Osteogenic differentiation

Cells were seeded on materials surface at a density of 5×104 cells/well and co-cultured in the osteogenic induction medium for 4, 7 and 14 days. At each defined time point, the alkaline phosphatase activity of the cells on the surface of the material was compared using the quantitative method of pNPP, as described in the literature (Nie et al., 2016). Other cell/material specimens co-cultured in the osteogenic induction medium for 14 days were stained with alkaline phosphatase (ALP) to qualitatively display the osteogenic differentiation of the cells.
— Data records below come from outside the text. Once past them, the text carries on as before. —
(* Let $G$ be a discrete submonoid of $\mathbb R_{\ge0}$. Let $(C,\{\mathfrak m_k\}_{k\ge0})$ be a $G$-gapped filtered $A_\infty$ algebra over $\Lambda_0^{\mathbb Z_2}$ and $(D,\{\mathfrak n_k\}_{k\ge0})$ a $G$-gapped right filtered $A_\infty$ module over it. Suppose ${\bf 1}\in D$ is a $G$-gapped cyclic element. Then there exists a unique $G$-gapped bounding cochain $b$ of $(C,\{\mathfrak m_k\})$ such that $$d^b({\bf 1}):=\sum_{k=0}^\infty\mathfrak n_k({\bf 1};b,\dots,b)=0.$$
   Context: $\Lambda_0^{\mathbb Z_2}$ is the ring of formal sums $\sum_i a_iT^{\lambda_i}$, $a_i\in\mathbb Z_2$, $0\le\lambda_0<\lambda_1<\cdots\to\infty$; $\Lambda_+^{\mathbb Z_2}$ is the ideal of sums with all exponents $>0$. A discrete submonoid $G\subset\mathbb R_{\ge0}$ is a discrete subset containing $0$ and closed under addition. $C$ (resp. $D$) is the $T$-adic completion of $\overline C\otimes\Lambda_0^{\mathbb Z_2}$ (resp. $\overline D\otimes\Lambda_0^{\mathbb Z_2}$) for $\mathbb Z_2$-vector spaces $\overline C,\overline D$. An element $x$ is $G$-gapped if $x=\sum_{\lambda\in G}T^\lambda x_\lambda$ with $x_\lambda\in\overline C$; a $\Lambda_0$-(multi)linear map is $G$-gapped if it equals $\sum_{\lambda\in G}T^\lambda\varphi_\lambda$ with $\varphi_\lambda$ $\mathbb Z_2$-(multi)linear on the $\overline{\ \cdot\ }$ spaces. A $G$-gapped filtered $A_\infty$ algebra is a family of $G$-gapped maps $\mathfrak m_k:C^{\otimes k}\to C$, $k\ge0$, with $\mathfrak m_0\equiv0\bmod\Lambda_+^{\mathbb Z_2}$, satisfying for all $k\ge0$ and $x_1,\dots,x_k$: $\sum_{1\le i\le j+1\le k+1}\mathfrak m_{k-j+i}(x_1,\dots,x_{i-1},\mathfrak m_{j-i+1}(x_i,\dots,x_j),x_{j+1},\dots,x_k)=0$ (no signs over $\mathbb Z_2$; $j=i-1$ inserts $\mathfrak m_0$). A $G$-gapped right filtered $A_\infty$ module is a family of $G$-gapped maps $\mathfrak n_k:D\otimes C^{\otimes k}\to D$, $k\ge0$, with, for all $k\ge0$: $\sum_{\ell=0}^k\mathfrak n_{k-\ell}(\mathfrak n_\ell(y;x_1,\dots,x_\ell);x_{\ell+1},\dots,x_k)+\sum_{1\le i\le j+1\le k+1}\mathfrak n_{k-j+i-1}(y;x_1,\dots,x_{i-1},\mathfrak m_{j-i+1}(x_i,\dots,x_j),x_{j+1},\dots,x_k)=0$. An element ${\bf 1}\in D$ is a cyclic element if (1) the map $C\to D$, $x\mapsto\mathfrak n_1({\bf 1};x)$, is a $\Lambda_0^{\mathbb Z_2}$-module isomorphism, and (2) $\mathfrak n_0({\bf 1})\equiv0\bmod\Lambda_+^{\mathbb Z_2}$. A bounding cochain is $b\in C\otimes_{\Lambda_0}\Lambda_+^{\mathbb Z_2}$ with $\sum_{k\ge0}\mathfrak m_k(b,\dots,b)=0$ (the sums converge $T$-adically). *)

theory Defs
  imports Complex_Main "HOL-Library.Function_Algebras"
begin

text \<open>A Z2-vector space is an abelian group in which v + v = 0
(Z2-linear = additive).  An element of the T-adic completion C of
Cbar (x) Lambda_0 is the family of its coefficients: a function
real => Cbar, vanishing at negative exponents, with only finitely many
nonzero coefficients below any bound.\<close>

definition discrete_submonoid :: "real set \<Rightarrow> bool" where
  "discrete_submonoid G \<longleftrightarrow> 0 \<in> G \<and> G \<subseteq> {0..} \<and> (\<forall>a\<in>G. \<forall>b\<in>G. a + b \<in> G)
     \<and> (\<forall>c. finite (G \<inter> {..c}))"

definition nov :: "(real \<Rightarrow> 'a::zero) set" where
  "nov = {f. (\<forall>\<nu><0. f \<nu> = 0) \<and> (\<forall>c. finite {\<nu>. \<nu> \<le> c \<and> f \<nu> \<noteq> 0})}"

definition gapped :: "real set \<Rightarrow> (real \<Rightarrow> 'a::zero) \<Rightarrow> bool" where
  "gapped G f \<longleftrightarrow> (\<forall>\<nu>. f \<nu> \<noteq> 0 \<longrightarrow> \<nu> \<in> G)"

definition multiadd :: "('a::plus list \<Rightarrow> 'b::plus) \<Rightarrow> bool" where
  "multiadd F \<longleftrightarrow> (\<forall>xs i a b. i < length xs \<longrightarrow>
      F (xs[i := a + b]) = F (xs[i := a]) + F (xs[i := b]))"

definition modadd :: "('d::plus \<Rightarrow> 'c::plus list \<Rightarrow> 'd) \<Rightarrow> bool" where
  "modadd F \<longleftrightarrow> (\<forall>y y' xs. F (y + y') xs = F y xs + F y' xs) \<and> (\<forall>y. multiadd (F y))"

text \<open>The G-gapped map sum_{l in G} T^l m k l : C^k -> C, extended to C.
  The coefficient at nu collects all l in G and exponents mu_i of the inputs with
  l + sum mu_i = nu.\<close>
definition ext_alg :: "real set \<Rightarrow> (nat \<Rightarrow> real \<Rightarrow> 'c list \<Rightarrow> 'c) \<Rightarrow> (real \<Rightarrow> 'c) list
    \<Rightarrow> real \<Rightarrow> 'c::comm_monoid_add" where
  "ext_alg G m xs = (\<lambda>\<nu>. \<Sum>(l, ms) \<in> {(l, ms). l \<in> G \<and> length ms = length xs
        \<and> (\<forall>i<length xs. (xs ! i) (ms ! i) \<noteq> 0) \<and> l + sum_list ms = \<nu>}.
      m (length xs) l (map (\<lambda>(x, \<mu>). x \<mu>) (zip xs ms)))"

text \<open>The G-gapped module map sum_{l in G} T^l n k l : D (x) C^k -> D, extended.\<close>
definition ext_mod :: "real set \<Rightarrow> (nat \<Rightarrow> real \<Rightarrow> 'd \<Rightarrow> 'c list \<Rightarrow> 'd) \<Rightarrow> (real \<Rightarrow> 'd)
    \<Rightarrow> (real \<Rightarrow> 'c::zero) list \<Rightarrow> real \<Rightarrow> 'd::comm_monoid_add" where
  "ext_mod G n y xs = (\<lambda>\<nu>. \<Sum>(l, \<mu>, ms) \<in> {(l, \<mu>, ms). l \<in> G \<and> y \<mu> \<noteq> 0
        \<and> length ms = length xs
        \<and> (\<forall>i<length xs. (xs ! i) (ms ! i) \<noteq> 0) \<and> l + \<mu> + sum_list ms = \<nu>}.
      n (length xs) l (y \<mu>) (map (\<lambda>(x, \<mu>). x \<mu>) (zip xs ms)))"

definition ainf_alg :: "real set \<Rightarrow> (nat \<Rightarrow> real \<Rightarrow> 'c list \<Rightarrow> 'c::ab_group_add) \<Rightarrow> bool" where
  "ainf_alg G m \<longleftrightarrow> (\<forall>k l. multiadd (m k l)) \<and> ext_alg G m [] 0 = 0 \<and>
     (\<forall>xs. set xs \<subseteq> nov \<longrightarrow>
        (\<Sum>a\<le>length xs. \<Sum>b\<in>{a..length xs}.
           ext_alg G m (take a xs @ [ext_alg G m (take (b - a) (drop a xs))] @ drop b xs)) = 0)"

definition ainf_mod :: "real set \<Rightarrow> (nat \<Rightarrow> real \<Rightarrow> 'c list \<Rightarrow> 'c::ab_group_add)
    \<Rightarrow> (nat \<Rightarrow> real \<Rightarrow> 'd \<Rightarrow> 'c list \<Rightarrow> 'd::ab_group_add) \<Rightarrow> bool" where
  "ainf_mod G m n \<longleftrightarrow> (\<forall>k l. modadd (n k l)) \<and>
     (\<forall>y xs. y \<in> nov \<longrightarrow> set xs \<subseteq> nov \<longrightarrow>
        (\<Sum>l\<le>length xs. ext_mod G n (ext_mod G n y (take l xs)) (drop l xs))
        + (\<Sum>a\<le>length xs. \<Sum>b\<in>{a..length xs}.
           ext_mod G n y (take a xs @ [ext_alg G m (take (b - a) (drop a xs))] @ drop b xs)) = 0)"

text \<open>Cyclic element.  The map x |-> n_1(one; x) is Lambda_0-linear by construction,
  so being a Lambda_0-module isomorphism C -> D means being a bijection C -> D.\<close>
definition cyclic_elem :: "real set \<Rightarrow> (nat \<Rightarrow> real \<Rightarrow> 'd \<Rightarrow> 'c::zero list \<Rightarrow> 'd)
    \<Rightarrow> (real \<Rightarrow> 'd::comm_monoid_add) \<Rightarrow> bool" where
  "cyclic_elem G n one \<longleftrightarrow> one \<in> nov
     \<and> bij_betw (\<lambda>x::real \<Rightarrow> 'c. ext_mod G n one [x]) nov nov
     \<and> ext_mod G n one [] 0 = 0"

definition T_sums :: "(nat \<Rightarrow> real \<Rightarrow> 'a::comm_monoid_add) \<Rightarrow> (real \<Rightarrow> 'a) \<Rightarrow> bool" where
  "T_sums f s \<longleftrightarrow> (\<forall>c. \<exists>K. \<forall>N\<ge>K. \<forall>\<nu>\<le>c. (\<Sum>k<N. f k \<nu>) = s \<nu>)"

definition bounding_cochain :: "real set \<Rightarrow> (nat \<Rightarrow> real \<Rightarrow> 'c list \<Rightarrow> 'c::ab_group_add)
    \<Rightarrow> (real \<Rightarrow> 'c) \<Rightarrow> bool" where
  "bounding_cochain G m b \<longleftrightarrow> b \<in> nov \<and> b 0 = 0 \<and> T_sums (\<lambda>k. ext_alg G m (replicate k b)) 0"

end

theory Submission
  imports Defs
begin

text \<open>Everything is computed coefficientwise along the discrete monoid \<open>G\<close>.  The constant part
  \<open>lead\<close> of \<open>x \<mapsto> n\<^sub>1(1; x)\<close> is a bijection between constant coefficients.  For
  \<open>b \<in> C \<otimes> \<Lambda>\<^sub>+\<close> only finitely many \<open>k\<close> contribute to each coefficient of
  \<open>d\<^sup>b(1) = \<Sum>\<^sub>k n\<^sub>k(1; b, \<dots>, b)\<close>, and its coefficient at \<open>\<nu>\<close> is \<open>lead (b\<^sub>\<nu>)\<close> plus a function of
  the coefficients of \<open>b\<close> below \<open>\<nu>\<close>.  So \<open>d\<^sup>b(1) = 0\<close> determines \<open>b\<close> by well-founded recursion
  along \<open>G\<close>.  Finally, if \<open>d\<^sup>b(1) = 0\<close>, the \<open>A\<^sub>\<infinity>\<close> module relation for \<open>(1; b, \<dots>, b)\<close>, evaluated
  at the lowest nonzero coefficient \<open>\<nu>\<close> of \<open>M = \<Sum>\<^sub>k m\<^sub>k(b, \<dots>, b)\<close>, reduces to \<open>lead (M\<^sub>\<nu>) = 0\<close>;
  hence \<open>M = 0\<close>.\<close>

section \<open>Finite sums and \<open>T\<close>-adic convergence\<close>

lemma sum_apply: "(sum f A) x = (\<Sum>a\<in>A. f a x)"
  by (induction A rule: infinite_finite_induct) auto

lemma sum_antidiagonal_eq_square:
  fixes f :: "nat \<Rightarrow> nat \<Rightarrow> 'a::comm_monoid_add"
  assumes "\<And>i j. B < i \<or> B < j \<Longrightarrow> f i j = 0" and "2 * B < K"
  shows "(\<Sum>k<K. \<Sum>i\<le>k. f i (k - i)) = (\<Sum>i\<le>B. \<Sum>j\<le>B. f i j)"
proof -
  have "(\<Sum>k<K. \<Sum>i\<le>k. f i (k - i)) = (\<Sum>(i, j)\<in>{(i, j). i + j < K}. f i j)"
    by (rule sum.triangle_reindex[symmetric])
  also have "\<dots> = (\<Sum>(i, j)\<in>{..B} \<times> {..B}. f i j)"
  proof (rule sum.mono_neutral_right)
    show "finite {(i, j). i + j < K}"
      by (rule finite_subset[of _ "{..<K} \<times> {..<K}"]) auto
    show "{..B} \<times> {..B} \<subseteq> {(i, j). i + j < K}" using assms(2) by auto
    show "\<forall>p\<in>{(i, j). i + j < K} - {..B} \<times> {..B}. (case p of (i, j) \<Rightarrow> f i j) = 0"
    proof
      fix p assume "p \<in> {(i, j). i + j < K} - {..B} \<times> {..B}"
      then obtain i j where "p = (i, j)" and "\<not> (i \<le> B \<and> j \<le> B)" by auto
      moreover from this(2) have "B < i \<or> B < j" by linarith
      ultimately show "(case p of (i, j) \<Rightarrow> f i j) = 0" using assms(1) by simp
    qed
  qed
  also have "\<dots> = (\<Sum>i\<le>B. \<Sum>j\<le>B. f i j)"
    by (simp add: sum.cartesian_product)
  finally show ?thesis .
qed

lemma sum_antidiagonal3_eq_cube:
  fixes h :: "nat \<Rightarrow> nat \<Rightarrow> nat \<Rightarrow> 'a::comm_monoid_add"
  assumes h0: "\<And>a r j. B < a \<or> B < r \<or> B < j \<Longrightarrow> h a r j = 0" and K: "4 * B < K"
  shows "(\<Sum>k<K. \<Sum>a\<le>k. \<Sum>c\<in>{a..k}. h a (c - a) (k - c)) = (\<Sum>a\<le>B. \<Sum>r\<le>B. \<Sum>j\<le>B. h a r j)"
proof -
  define F where "F a s = (\<Sum>r\<le>s. h a r (s - r))" for a s
  have inner: "(\<Sum>c\<in>{a..k}. h a (c - a) (k - c)) = F a (k - a)" if "a \<le> k" for a k
  proof -
    have "(\<Sum>c\<in>{a..k}. h a (c - a) (k - c)) = (\<Sum>r\<in>{0..k - a}. h a (r + a - a) (k - (r + a)))"
      using sum.shift_bounds_cl_nat_ivl[of "\<lambda>c. h a (c - a) (k - c)" 0 a "k - a"] that by simp
    then show ?thesis unfolding F_def by (simp add: atLeast0AtMost algebra_simps)
  qed
  have F_zero: "F a s = 0" if "2 * B < a \<or> 2 * B < s" for a s
    unfolding F_def by (rule sum.neutral) (use that in \<open>auto intro!: h0\<close>)
  have F_square: "(\<Sum>s\<le>2 * B. F a s) = (\<Sum>r\<le>B. \<Sum>j\<le>B. h a r j)" for a
    using sum_antidiagonal_eq_square[of B "h a" "Suc (2 * B)"] h0
    by (simp add: F_def lessThan_Suc_atMost)
  have "(\<Sum>k<K. \<Sum>a\<le>k. \<Sum>c\<in>{a..k}. h a (c - a) (k - c)) = (\<Sum>k<K. \<Sum>a\<le>k. F a (k - a))"
    by (intro sum.cong refl) (simp add: inner)
  also have "\<dots> = (\<Sum>a\<le>2 * B. \<Sum>s\<le>2 * B. F a s)"
    by (rule sum_antidiagonal_eq_square[OF F_zero]) (use K in auto)
  also have "\<dots> = (\<Sum>a\<le>B. \<Sum>r\<le>B. \<Sum>j\<le>B. h a r j)"
    unfolding F_square by (intro sum.mono_neutral_right) (auto intro!: sum.neutral h0)
  finally show ?thesis .
qed

lemma map_zip_replicate:
  "length ms = k \<Longrightarrow> map (\<lambda>(x, \<mu>). x \<mu>) (zip (replicate k f) ms) = map f ms"
  by (induction ms arbitrary: k) (auto simp: Suc_length_conv)

lemma map_zip_update:
  assumes "length ms = length xs" and "i < length xs"
  shows "map (\<lambda>(x, \<mu>). x \<mu>) (zip (xs[i := u]) ms) = (map (\<lambda>(x, \<mu>). x \<mu>) (zip xs ms))[i := u (ms ! i)]"
  using assms by (intro nth_equalityI) (auto simp: nth_list_update)

lemma multiadd_zero:
  fixes F :: "'a::monoid_add list \<Rightarrow> 'b::ab_group_add"
  assumes "multiadd F" and "i < length xs" and "xs ! i = 0"
  shows "F xs = 0"
proof -
  have "F (xs[i := 0 + 0]) = F (xs[i := 0]) + F (xs[i := 0])"
    using assms(1,2) unfolding multiadd_def by blast
  then show ?thesis using assms(3) by (simp add: list_update_id[of xs i, simplified assms(3)])
qed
After 21 days of co-culture in the osteogenic induction medium, the osteogenic differentiation of cells was also observed by alizarin red staining. Briefly, after fixed with 95% ethanol for 10 min, cell/material specimens were dyed in 0.1% alizarin red solution at 37°C for 45 min, followed by dried and photographed (Nikon D90, Japan). Quantitative analysis of alizarin red staining as follows: The surface of the above-mentioned alizarin red-stained material was dissolved in 10% cetylpyridinum chloride (CPC) (Sigma-Aldrich) in sodium phosphate (pH = 7), and then the absorbance value (OD value) was measured on a microplate reader (Bio-tek, United States) at a wavelength of 620 nm (Yang et al., 2016).

Surgical procedures

Thirty 5-month-old female Sprague-Dawley rats that were randomly assigned to three groups were used. The use of animals and the experimental protocol were approved by the Animal Experimental Ethics Committee of East China Jiaotong University. After general anesthesia and sterilization, a hole with a diameter of 1.6 mm and depth of 20 mm was drilled through cortical and cancellous bone to access the medullary cavity. After injected 104 CFU of ATCC 25923, three implants (TC, TC-AA(C/H)6 and TC-AA(C/H)6-G) were inserted into the holes. All animals were tested on the day of surgery (day 0) and on the 1st, 3rd, 5th, 7th, 14th, 28th, 35th, and 42nd day after the operation. Ear temperature was measured by a digital infrared thermometer (TERUMO, Zhejiang, China) and animals were weighed with an electronic balance (TCS, Shanghai, China). Other observed indicators included left knee joint swelling and wound exudation. Animals were euthanized after 6 weeks, and the femurs with the implants were aseptically harvested. Five femurs were dissected longitudinally symmetrically along the midline of the femur and sored according to the scoring methods introduced in literature (Ao et al., 2019).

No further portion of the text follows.